For the Hutters, that's kept them within their budget. "If you give yourself several months to change your mind-set about using cash vs. plastic," says Matt, "the seeds will sink into your subconscious to save for items rather than make impulse buys."
Cash can be powerful in other ways. Joseph Sangl, a former engineer who was so altered by cutting up his credit cards that he now preaches about this lifestyle full time, has found that paying with cash helps him cut deals, from $20 off a Comfort Inn hotel room to $200 off a refrigerator at Best Buy.
When you do use a debit card, be aware of the potential drawbacks. Some companies, mainly hotels and car-rental agencies, charge your card in advance for the estimated cost of your bill, which can freeze part of your bank account until the transaction clears. That's usually within 24 hours but can take three days.
If the freeze is for more money than you thought you'd spend and you keep a low balance, you run a risk of overdrawing your account. You can always dig a dormant credit card out of the safe to make the reservation and then settle the bill with cash or debit. And you can be fouled up by daily spending limits. Hutter was blocked from buying a $5,700 computer online with his debit card until he asked his bank to raise his $2,000-a-day cap.
There's no getting around the fact that giving up credit cards takes effort. You have to look up your bank balance and remember to stop at the ATM more often. You may have to wait a few months to buy the latest flat-screen TV, and you may have to work up a budget for the first time. In short, you have to become a planner. But the discipline it takes to do all that can pay off handsomely over the long term.
Studies have concluded that people who plan - be it by making a budget or by mapping out their next vacation - save at a higher rate and have a higher net worth than nonplanners do. A study by Dartmouth economics professor Annamaria Lusardi found that people who thought "a lot" about retirement planning had an average net worth of $224,252 vs. $165,367 for people who "hardly thought about it at all."

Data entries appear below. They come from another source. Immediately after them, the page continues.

text \<open>Along an edge on which \<open>u\<close> increases, \<open>\<alpha>_E = 1\<close> by the previous lemmas, and
  \<open>\<partial>_t u \<partial>_t \<psi> < 0\<close>.\<close>

lemma stabilization_at_edge_le:
  assumes "\<gamma>0 > 0" "p \<ge> 1" and min: "\<forall>v\<in>nbrs \<T> xi. u xi \<le> u v" and v: "v \<in> nbrs \<T> xi"
  shows "\<gamma>0 * (hE {xi,v})\<^sup>2 * alpha_E \<T> p u {xi,v} * edge_int_tt {xi,v} u \<psi>
    \<le> - \<gamma>0 * dist xi v * (u v - u xi)"
proof -
  have "v \<noteq> xi" "v \<in> nodes \<T>" "xi \<in> nodes \<T>"
    using v unfolding mem_nbrs_iff nodes_def by auto
  then have "\<psi> xi = 1" "\<psi> v = 0" "dist xi v > 0"
    using hat_nodal by auto
  then have eq: "\<gamma>0 * (hE {xi,v})\<^sup>2 * alpha_E \<T> p u {xi,v} * edge_int_tt {xi,v} u \<psi>
      = - \<gamma>0 * dist xi v * (alpha_E \<T> p u {xi,v} * (u v - u xi))"
    unfolding hE_doubleton edge_int_tt_doubleton by (simp add: field_simps power2_eq_square)
  have "u v - u xi \<le> alpha_E \<T> p u {xi,v} * (u v - u xi)"
  proof (cases "u xi < u v")
    case True
    then have "xi_node \<T> u xi = 1"
      using xi_node_eq_1_at_min[OF finite_nbrs min v] by blast
    then show ?thesis
      using alpha_E_ge_1 \<open>p \<ge> 1\<close> True by (simp add: mult_le_cancel_right1)
  qed (use min v in auto)
  then show ?thesis
    unfolding eq using \<open>\<gamma>0 > 0\<close> \<open>dist xi v > 0\<close> by (simp add: mult_left_mono)
qed

lemma d_form_le_at_min:
  assumes "\<gamma>0 > 0" "p \<ge> 1" and min: "\<forall>v\<in>nbrs \<T> xi. u xi \<le> u v"
  shows "d_form \<T> \<gamma>0 p u u \<psi> \<le> (\<Sum>v\<in>nbrs \<T> xi. - \<gamma>0 * dist xi v * (u v - u xi))"
proof -
  define F where "F E = \<gamma>0 * (hE E)\<^sup>2 * alpha_E \<T> p u E * edge_int_tt E u \<psi>" for E
  have "d_form \<T> \<gamma>0 p u u \<psi> = (\<Sum>E\<in>edges_at \<T> xi. F E)"
    unfolding d_form_def F_def[symmetric]
    by (intro sum.mono_neutral_right finite_int_edges) (auto simp: edges_at_def F_def edge_int_tt_hat_off_xi)
  also have "\<dots> = (\<Sum>v\<in>nbrs \<T> xi. F {xi,v})"
    unfolding edges_at_eq_image by (rule sum.reindex[OF inj_on_edge_at_xi, unfolded comp_def])
  also have "\<dots> \<le> (\<Sum>v\<in>nbrs \<T> xi. - \<gamma>0 * dist xi v * (u v - u xi))"
    unfolding F_def using stabilization_at_edge_le[OF assms] by (rule sum_mono)
  finally show ?thesis .
qed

That's certainly held true for the ex-credit-card users in this story. A decade after switching from credit to cash, Henry Blaufox and Tabitha Gilmore-Barnes can see the rewards: The couple have put aside nearly $400,000 for retirement. Three years into their credit-card-free life, Jason and Molly Corbett contribute the maximum to their retirement plans, fund college savings accounts for two of their children and have put aside six months' worth of expenses in an emergency fund.
You may even find that exercising willpower over your finances can pay off in more surprising ways. "Self-control in one domain can energize consumers in another area of their life," says Elizabeth Barrett, a certified financial planner and therapist. "Self-control is like a muscle. The more you use it, the stronger it gets."

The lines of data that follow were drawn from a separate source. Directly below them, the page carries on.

lemma trace_norm_fundamental_map_preimage:
  assumes F: "clinear_map F" "trace_preserving F" and "ergodicity_coeff F \<le> 1"
    and \<rho>: "trace \<rho> = 1" "trace_norm \<rho> \<le> 1" "F \<rho> = \<rho>"
  defines "\<tau> \<equiv> ergodicity_coeff F"
  shows "(1 - \<tau>) * trace_norm Y \<le> (1 + \<tau>) * trace_norm (fundamental_map F \<rho> Y)"
proof -
  define \<sigma> where "\<sigma> = fundamental_map F \<rho> Y"
  define L where "L = mat_scale (trace \<sigma>) \<rho>"
  define Y0 where "Y0 = Y - L"
  have trace_Y: "trace Y = trace \<sigma>"
    using F(2) \<rho>(1) by (simp add: \<sigma>_def fundamental_map_def limit_channel_eq_mat_scale trace_add
        trace_sub trace_mat_scale trace_preserving_def)
  have F_Y0: "F Y0 = F Y - L"
    using \<rho>(3) by (simp add: Y0_def L_def clinear_map_diff[OF F(1)] clinear_map_mat_scale[OF F(1)])
  have "\<sigma> = Y - F Y + L"
    unfolding L_def trace_Y[symmetric]
    by (simp add: \<sigma>_def fundamental_map_def limit_channel_eq_mat_scale)
  then have Y0_eq: "Y0 = (\<sigma> - L) + F Y0" and Y_eq: "Y = \<sigma> + F Y0"
    unfolding F_Y0 by (simp_all add: Y0_def)
  have "trace Y0 = 0" by (simp add: Y0_def L_def trace_sub trace_Y trace_mat_scale \<rho>(1))
  then have F_Y0_le: "trace_norm (F Y0) \<le> \<tau> * trace_norm Y0"
    unfolding \<tau>_def by (rule trace_norm_le_ergodicity_coeff[OF F(1)])
  have "trace_norm L \<le> cmod (trace \<sigma>) * trace_norm \<rho>"
    unfolding L_def by (rule trace_norm_mat_scale)
  also have "\<dots> \<le> trace_norm \<sigma>"
    using mult_left_le[OF \<rho>(2) norm_ge_zero[of "trace \<sigma>"]] norm_trace_le_trace_norm[of \<sigma>]
    by linarith
  finally have "trace_norm Y0 \<le> 2 * trace_norm \<sigma> + \<tau> * trace_norm Y0"
    using trace_norm_triangle[of "\<sigma> - L" "F Y0"] trace_norm_diff[of \<sigma> L] F_Y0_le
    by (simp flip: Y0_eq)
  then have Y0_le: "(1 - \<tau>) * trace_norm Y0 \<le> 2 * trace_norm \<sigma>" by (simp add: algebra_simps)
  have "trace_norm Y \<le> trace_norm \<sigma> + \<tau> * trace_norm Y0"
    using trace_norm_triangle[of \<sigma> "F Y0"] F_Y0_le by (simp flip: Y_eq)
  then have "(1 - \<tau>) * trace_norm Y \<le> (1 - \<tau>) * (trace_norm \<sigma> + \<tau> * trace_norm Y0)"
    using \<open>ergodicity_coeff F \<le> 1\<close> by (simp add: \<tau>_def mult_left_mono)
  also have "\<dots> = (1 - \<tau>) * trace_norm \<sigma> + \<tau> * ((1 - \<tau>) * trace_norm Y0)"
    by (simp add: algebra_simps)
  also have "\<dots> \<le> (1 - \<tau>) * trace_norm \<sigma> + \<tau> * (2 * trace_norm \<sigma>)"
    using Y0_le ergodicity_coeff_nonneg[OF F(1)] by (simp add: \<tau>_def mult_left_mono)
  finally show ?thesis by (simp add: \<sigma>_def algebra_simps)
qed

Consider Leo Babauta, a 35-year-old writer in Guam and father of six, who ended his "love affair" with credit cards in 2005 and spent the next two years wiping out his $30,000 debt. Inspired by what he was achieving, he quit smoking, lost 30 pounds, ran his first marathon and got rid of the clutter. His whole life has become simpler and easier to manage, he says. "I found that success in one area really can breed success in other parts of my life."
So maybe living without plastic won't make you thinner, more athletic and healthier. But there's no doubt that giving up credit cards can go a long way toward helping you spend less and save more. Who doesn't want that, especially today?